• _Dataset entries_:

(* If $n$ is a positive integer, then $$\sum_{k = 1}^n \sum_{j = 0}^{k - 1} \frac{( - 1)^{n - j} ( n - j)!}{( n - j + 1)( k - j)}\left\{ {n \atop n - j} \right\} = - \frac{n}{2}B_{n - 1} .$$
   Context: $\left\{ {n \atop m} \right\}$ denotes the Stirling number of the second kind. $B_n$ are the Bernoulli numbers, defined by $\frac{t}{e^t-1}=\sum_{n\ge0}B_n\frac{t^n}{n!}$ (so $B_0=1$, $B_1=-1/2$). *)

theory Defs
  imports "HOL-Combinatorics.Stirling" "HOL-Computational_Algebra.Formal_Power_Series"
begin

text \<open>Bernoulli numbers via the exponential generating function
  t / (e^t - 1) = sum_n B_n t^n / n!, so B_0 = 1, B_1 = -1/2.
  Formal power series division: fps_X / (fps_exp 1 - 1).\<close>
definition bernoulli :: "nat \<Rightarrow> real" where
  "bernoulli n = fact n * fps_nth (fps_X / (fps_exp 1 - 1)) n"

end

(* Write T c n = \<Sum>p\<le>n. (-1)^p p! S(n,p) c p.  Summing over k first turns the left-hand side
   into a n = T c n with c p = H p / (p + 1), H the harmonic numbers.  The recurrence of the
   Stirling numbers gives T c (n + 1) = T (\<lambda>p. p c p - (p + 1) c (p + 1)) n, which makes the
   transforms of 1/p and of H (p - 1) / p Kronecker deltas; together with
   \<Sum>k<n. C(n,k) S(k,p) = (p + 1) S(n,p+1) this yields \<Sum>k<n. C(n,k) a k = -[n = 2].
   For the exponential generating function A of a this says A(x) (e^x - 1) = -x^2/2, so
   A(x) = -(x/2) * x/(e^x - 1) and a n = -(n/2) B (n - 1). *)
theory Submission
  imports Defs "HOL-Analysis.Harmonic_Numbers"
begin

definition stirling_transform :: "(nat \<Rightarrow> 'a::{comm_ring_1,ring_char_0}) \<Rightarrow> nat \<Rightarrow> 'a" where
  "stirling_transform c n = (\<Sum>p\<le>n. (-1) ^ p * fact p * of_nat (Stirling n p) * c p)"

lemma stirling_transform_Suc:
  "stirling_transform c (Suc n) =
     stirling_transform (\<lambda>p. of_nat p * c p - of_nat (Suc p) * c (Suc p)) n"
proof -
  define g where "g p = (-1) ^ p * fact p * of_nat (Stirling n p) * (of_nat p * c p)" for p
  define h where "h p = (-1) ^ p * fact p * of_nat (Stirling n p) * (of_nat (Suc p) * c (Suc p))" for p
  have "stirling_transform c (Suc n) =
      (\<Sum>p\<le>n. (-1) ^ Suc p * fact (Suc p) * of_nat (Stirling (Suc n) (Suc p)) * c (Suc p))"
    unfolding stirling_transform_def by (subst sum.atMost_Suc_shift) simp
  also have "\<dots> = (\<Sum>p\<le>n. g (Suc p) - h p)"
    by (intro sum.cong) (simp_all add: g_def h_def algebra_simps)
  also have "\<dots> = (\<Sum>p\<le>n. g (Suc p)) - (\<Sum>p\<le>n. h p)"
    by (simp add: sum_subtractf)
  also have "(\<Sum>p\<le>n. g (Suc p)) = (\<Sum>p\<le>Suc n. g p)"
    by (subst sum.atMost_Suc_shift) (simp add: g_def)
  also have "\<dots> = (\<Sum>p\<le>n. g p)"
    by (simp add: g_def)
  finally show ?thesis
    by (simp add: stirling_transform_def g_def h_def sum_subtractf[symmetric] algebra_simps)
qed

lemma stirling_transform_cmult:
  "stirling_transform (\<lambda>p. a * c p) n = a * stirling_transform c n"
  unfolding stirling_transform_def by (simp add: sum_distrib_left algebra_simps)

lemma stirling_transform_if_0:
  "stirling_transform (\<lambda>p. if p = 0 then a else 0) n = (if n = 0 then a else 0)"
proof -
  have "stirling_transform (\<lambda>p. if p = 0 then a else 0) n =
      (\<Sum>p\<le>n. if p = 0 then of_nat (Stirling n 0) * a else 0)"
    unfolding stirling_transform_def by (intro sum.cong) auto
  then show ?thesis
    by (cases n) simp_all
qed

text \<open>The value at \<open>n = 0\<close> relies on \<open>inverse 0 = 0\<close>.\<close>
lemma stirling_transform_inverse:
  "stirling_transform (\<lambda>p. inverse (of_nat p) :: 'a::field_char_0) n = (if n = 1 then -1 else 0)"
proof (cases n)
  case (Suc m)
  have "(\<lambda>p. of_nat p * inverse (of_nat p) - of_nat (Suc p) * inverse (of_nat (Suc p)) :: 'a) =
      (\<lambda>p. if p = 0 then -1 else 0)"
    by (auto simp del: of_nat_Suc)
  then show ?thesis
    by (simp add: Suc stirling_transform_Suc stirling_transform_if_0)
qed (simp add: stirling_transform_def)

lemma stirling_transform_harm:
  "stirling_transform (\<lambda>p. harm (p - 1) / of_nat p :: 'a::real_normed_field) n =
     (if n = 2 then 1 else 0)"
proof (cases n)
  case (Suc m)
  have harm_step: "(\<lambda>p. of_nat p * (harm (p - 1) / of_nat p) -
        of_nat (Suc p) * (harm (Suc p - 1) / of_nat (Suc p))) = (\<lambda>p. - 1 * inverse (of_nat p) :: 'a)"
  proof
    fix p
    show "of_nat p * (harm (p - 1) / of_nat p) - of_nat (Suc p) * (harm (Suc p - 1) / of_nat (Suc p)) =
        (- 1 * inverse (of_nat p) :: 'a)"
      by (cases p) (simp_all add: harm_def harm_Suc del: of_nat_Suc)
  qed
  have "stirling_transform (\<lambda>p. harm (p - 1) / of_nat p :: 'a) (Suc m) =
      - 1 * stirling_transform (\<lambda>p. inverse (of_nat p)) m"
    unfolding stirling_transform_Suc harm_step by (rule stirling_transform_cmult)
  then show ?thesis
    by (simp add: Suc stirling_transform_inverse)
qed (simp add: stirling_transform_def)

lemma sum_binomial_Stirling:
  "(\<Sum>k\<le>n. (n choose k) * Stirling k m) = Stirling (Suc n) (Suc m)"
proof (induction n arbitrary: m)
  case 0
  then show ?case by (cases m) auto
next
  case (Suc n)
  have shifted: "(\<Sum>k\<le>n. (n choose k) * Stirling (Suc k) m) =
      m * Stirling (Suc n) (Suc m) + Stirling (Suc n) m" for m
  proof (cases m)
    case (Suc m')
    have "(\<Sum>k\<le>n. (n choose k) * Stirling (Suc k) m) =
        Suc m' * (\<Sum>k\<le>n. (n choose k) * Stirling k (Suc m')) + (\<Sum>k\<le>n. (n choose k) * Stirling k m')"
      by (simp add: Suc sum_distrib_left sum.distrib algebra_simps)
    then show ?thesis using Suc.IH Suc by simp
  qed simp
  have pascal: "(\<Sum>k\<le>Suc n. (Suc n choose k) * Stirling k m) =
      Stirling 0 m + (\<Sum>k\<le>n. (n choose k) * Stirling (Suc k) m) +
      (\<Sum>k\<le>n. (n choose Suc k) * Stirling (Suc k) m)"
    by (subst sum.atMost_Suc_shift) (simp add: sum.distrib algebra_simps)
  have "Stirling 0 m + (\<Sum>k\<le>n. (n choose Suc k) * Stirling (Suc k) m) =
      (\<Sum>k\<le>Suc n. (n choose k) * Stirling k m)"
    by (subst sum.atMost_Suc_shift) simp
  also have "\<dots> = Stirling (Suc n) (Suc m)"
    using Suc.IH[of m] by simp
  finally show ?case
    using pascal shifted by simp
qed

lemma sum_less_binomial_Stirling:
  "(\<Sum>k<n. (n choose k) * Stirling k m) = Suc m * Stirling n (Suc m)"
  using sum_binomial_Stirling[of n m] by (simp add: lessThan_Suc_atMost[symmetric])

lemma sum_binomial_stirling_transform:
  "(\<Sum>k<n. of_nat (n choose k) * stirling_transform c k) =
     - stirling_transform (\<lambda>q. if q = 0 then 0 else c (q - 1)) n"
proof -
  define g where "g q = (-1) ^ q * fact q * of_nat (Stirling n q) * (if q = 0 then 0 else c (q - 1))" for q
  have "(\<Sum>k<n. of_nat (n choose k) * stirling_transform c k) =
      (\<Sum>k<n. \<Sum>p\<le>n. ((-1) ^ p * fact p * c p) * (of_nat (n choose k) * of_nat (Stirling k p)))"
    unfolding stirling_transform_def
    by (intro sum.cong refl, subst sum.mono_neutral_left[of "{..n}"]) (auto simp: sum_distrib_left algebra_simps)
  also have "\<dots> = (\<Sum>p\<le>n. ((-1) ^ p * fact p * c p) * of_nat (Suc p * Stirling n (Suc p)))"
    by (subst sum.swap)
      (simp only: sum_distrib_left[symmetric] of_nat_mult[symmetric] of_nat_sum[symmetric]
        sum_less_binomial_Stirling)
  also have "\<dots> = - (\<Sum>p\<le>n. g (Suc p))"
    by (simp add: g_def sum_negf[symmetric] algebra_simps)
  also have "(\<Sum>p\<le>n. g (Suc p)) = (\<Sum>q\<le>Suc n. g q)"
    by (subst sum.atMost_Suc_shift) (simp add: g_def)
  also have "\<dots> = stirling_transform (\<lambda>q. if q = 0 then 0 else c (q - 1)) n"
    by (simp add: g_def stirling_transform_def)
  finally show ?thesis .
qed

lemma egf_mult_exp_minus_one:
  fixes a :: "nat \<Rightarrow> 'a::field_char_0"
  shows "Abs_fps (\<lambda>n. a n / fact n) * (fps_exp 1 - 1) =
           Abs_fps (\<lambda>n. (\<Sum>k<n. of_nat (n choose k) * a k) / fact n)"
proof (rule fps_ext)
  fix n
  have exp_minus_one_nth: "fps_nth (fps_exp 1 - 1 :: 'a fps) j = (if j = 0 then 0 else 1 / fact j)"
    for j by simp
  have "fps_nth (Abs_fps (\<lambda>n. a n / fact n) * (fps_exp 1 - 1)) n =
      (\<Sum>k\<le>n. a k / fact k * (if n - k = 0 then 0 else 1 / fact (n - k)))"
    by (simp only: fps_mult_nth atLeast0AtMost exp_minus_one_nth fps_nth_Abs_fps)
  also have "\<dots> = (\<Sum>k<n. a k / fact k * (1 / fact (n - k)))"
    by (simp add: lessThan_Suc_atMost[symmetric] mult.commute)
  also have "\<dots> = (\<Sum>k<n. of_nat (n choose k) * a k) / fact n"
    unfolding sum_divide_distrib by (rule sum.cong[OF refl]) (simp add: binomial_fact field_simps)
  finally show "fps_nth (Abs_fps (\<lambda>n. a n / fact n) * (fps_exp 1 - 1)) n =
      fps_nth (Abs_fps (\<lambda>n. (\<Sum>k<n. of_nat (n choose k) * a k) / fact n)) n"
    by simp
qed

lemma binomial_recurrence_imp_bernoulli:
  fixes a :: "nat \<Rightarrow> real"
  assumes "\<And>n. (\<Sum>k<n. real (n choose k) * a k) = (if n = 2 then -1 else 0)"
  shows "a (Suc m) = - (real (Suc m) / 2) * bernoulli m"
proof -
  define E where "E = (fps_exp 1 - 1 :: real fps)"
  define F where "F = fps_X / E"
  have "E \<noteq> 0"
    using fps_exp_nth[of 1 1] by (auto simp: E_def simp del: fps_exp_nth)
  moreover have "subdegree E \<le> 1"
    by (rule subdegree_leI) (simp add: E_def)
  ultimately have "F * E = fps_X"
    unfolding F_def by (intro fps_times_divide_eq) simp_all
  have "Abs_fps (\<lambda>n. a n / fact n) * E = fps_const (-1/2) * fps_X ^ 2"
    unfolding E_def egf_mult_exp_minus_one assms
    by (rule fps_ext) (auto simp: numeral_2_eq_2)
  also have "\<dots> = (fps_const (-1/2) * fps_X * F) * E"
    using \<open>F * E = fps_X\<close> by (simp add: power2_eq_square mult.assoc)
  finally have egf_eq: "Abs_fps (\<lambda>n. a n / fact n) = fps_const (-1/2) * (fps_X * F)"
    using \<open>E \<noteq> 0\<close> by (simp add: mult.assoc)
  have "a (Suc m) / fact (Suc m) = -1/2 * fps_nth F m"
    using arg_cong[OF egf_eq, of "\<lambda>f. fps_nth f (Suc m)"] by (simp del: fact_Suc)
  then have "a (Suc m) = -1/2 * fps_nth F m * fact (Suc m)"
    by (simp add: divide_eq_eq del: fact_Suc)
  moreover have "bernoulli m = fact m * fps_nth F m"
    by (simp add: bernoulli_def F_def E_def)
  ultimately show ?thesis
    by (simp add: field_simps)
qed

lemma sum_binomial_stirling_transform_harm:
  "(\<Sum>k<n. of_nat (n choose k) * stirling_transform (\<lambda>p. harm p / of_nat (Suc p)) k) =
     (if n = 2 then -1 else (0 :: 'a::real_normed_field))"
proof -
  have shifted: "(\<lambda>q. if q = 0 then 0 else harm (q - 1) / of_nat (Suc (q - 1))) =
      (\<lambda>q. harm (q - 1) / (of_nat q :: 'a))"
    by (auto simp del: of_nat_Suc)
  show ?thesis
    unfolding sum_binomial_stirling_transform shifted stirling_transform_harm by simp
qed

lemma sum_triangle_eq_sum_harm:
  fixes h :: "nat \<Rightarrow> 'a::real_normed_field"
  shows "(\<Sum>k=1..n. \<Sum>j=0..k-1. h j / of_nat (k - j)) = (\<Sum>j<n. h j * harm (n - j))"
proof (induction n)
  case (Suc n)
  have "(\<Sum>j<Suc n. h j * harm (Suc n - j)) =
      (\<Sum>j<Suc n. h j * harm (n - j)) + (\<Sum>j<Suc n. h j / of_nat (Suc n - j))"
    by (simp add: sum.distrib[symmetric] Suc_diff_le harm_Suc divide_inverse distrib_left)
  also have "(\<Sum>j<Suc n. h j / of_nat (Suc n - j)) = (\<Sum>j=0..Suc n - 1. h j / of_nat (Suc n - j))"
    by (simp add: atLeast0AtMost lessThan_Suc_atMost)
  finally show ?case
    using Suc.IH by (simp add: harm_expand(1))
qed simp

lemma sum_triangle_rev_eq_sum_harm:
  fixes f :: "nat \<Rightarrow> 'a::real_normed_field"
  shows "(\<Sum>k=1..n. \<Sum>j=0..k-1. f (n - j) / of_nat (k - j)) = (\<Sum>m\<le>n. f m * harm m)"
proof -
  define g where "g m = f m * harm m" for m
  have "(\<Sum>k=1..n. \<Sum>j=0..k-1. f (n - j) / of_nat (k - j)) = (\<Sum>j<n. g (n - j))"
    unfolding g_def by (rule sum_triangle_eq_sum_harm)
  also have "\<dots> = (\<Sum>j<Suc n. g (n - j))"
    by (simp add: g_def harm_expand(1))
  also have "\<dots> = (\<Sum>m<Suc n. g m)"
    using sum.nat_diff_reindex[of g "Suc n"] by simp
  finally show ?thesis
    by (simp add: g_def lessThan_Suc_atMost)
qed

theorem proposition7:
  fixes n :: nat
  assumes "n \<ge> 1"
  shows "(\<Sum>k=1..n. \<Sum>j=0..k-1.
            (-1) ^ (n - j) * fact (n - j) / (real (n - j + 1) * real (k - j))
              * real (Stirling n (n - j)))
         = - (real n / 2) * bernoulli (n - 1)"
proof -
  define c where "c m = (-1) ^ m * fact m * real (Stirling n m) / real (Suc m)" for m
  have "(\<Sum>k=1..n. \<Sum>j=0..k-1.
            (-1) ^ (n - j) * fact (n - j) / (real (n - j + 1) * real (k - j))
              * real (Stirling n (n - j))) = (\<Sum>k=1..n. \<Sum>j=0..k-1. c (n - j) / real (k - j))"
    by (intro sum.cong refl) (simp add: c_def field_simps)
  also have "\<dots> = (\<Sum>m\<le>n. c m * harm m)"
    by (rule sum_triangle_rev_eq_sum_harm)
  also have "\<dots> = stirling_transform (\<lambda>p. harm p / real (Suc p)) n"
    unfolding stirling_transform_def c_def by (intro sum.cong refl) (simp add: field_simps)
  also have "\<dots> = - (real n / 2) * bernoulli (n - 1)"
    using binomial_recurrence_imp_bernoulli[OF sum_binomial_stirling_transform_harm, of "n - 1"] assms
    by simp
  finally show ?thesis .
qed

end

• _Prompt_:
Among the lines above, show every one that contains the string "assoc".

• _Expected answer_:
    using \<open>F * E = fps_X\<close> by (simp add: power2_eq_square mult.assoc)
    using \<open>E \<noteq> 0\<close> by (simp add: mult.assoc)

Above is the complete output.